Stetson P L, Shukla U A, Ensminger W D
Upjohn Center for Clinical Pharmacology, University of Michigan Medical School, Ann Arbor 48109.
J Chromatogr. 1989 Feb 17;464(1):163-71. doi: 10.1016/s0021-9673(00)94232-8.
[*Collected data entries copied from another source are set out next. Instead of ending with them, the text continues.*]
lemma single_valued_adjoin_character: "single_valued (adjoin_character G R a w)"
proof (rule single_valuedI)
  fix x y y' assume "(x, y) \<in> adjoin_character G R a w" "(x, y') \<in> adjoin_character G R a w"
  then obtain k c m k' c' m' where kc: "(k, c) \<in> R" "x = k \<otimes> a [^] (m::int)" "y = c * w powi m"
    and kc': "(k', c') \<in> R" "x = k' \<otimes> a [^] (m'::int)" "y' = c' * w powi m'"
    by (metis adjoin_characterE)
  have k: "k \<in> carrier G" "k' \<in> carrier G"
    using kc(1) kc'(1) partial_character_carrier[OF R] by auto
  have "inv k \<otimes> k' = inv k \<otimes> ((k' \<otimes> a [^] m') \<otimes> inv (a [^] m'))"
    using k a by (simp add: m_assoc)
  also have "\<dots> = inv k \<otimes> ((k \<otimes> a [^] m) \<otimes> inv (a [^] m'))"
    using kc(2) kc'(2) by simp
  also have "\<dots> = a [^] m \<otimes> inv (a [^] m')"
    using k a by (simp add: m_assoc[symmetric])
  also have "\<dots> = a [^] (m - m')"
    by (simp add: int_pow_diff[OF a])
  finally have "(a [^] (m - m'), inverse c * c') \<in> R"
    using partial_character_mult[OF R partial_character_inv[OF R kc(1)] kc'(1)] by simp
  then have "inverse c * c' = w powi (m - m')"
    by (rule compatible)
  then have "c' = c * w powi (m - m')"
    using partial_character_nonzero[OF R kc(1)] by (simp add: field_simps)
  also have "\<dots> = c * w powi m / w powi m'"
    using nonzero by (simp add: power_int_diff)
  finally show "y = y'"
    using kc(3) kc'(3) nonzero by (simp add: field_simps)
qed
A prerequisite for the prolonged infusion of a drug via a totally implanted drug delivery system is that the drug solution must be sufficiently stable at physiological temperatures to endure the time intervals between drug replacement or pump refills. Consequently, the stability of the chemotherapeutic agents can influence the dosing accuracy and ultimately the achievement of the desired therapeutic goal. The chemical stability of the pharmaceutical preparation Trimetrexate (TMQ) glucuronate, a non-classical, lipophilic antifolate, has been characterized. Incubation of TMQ (prepared in sterile water to a concentration of 5.0 mg/ml) in sterile, amber glass vials at 37 degrees C for 56 days resulted in a degradation rate constant of 0.0134 +/- 0.002 day-1 and a half-life of 51.6 +/- 0.8 days. The major degradation product has been identified as (2,4-diamino-5-methyl-6-carboxaldehyde)quinazoline. Ten percent TMQ degradation would occur by 7.9 days of incubation under these conditions.
通过完全植入式给药系统长时间输注药物的一个前提条件是,药物溶液在生理温度下必须足够稳定,以承受药物更换或泵重新填充之间的时间间隔。因此,化疗药物的稳定性会影响给药准确性,并最终影响预期治疗目标的实现。已对非经典亲脂性抗叶酸药物曲美沙特(TMQ)葡糖醛酸酯制剂的化学稳定性进行了表征。将TMQ(在无菌水中配制成浓度为5.0mg/ml)在无菌琥珀色玻璃瓶中于37℃孵育56天,降解速率常数为0.0134±0.002天⁻¹,半衰期为51.6±0.8天。主要降解产物已鉴定为(2,4-二氨基-5-甲基-6-甲酰基)喹唑啉。在这些条件下孵育7.9天会发生10%的TMQ降解。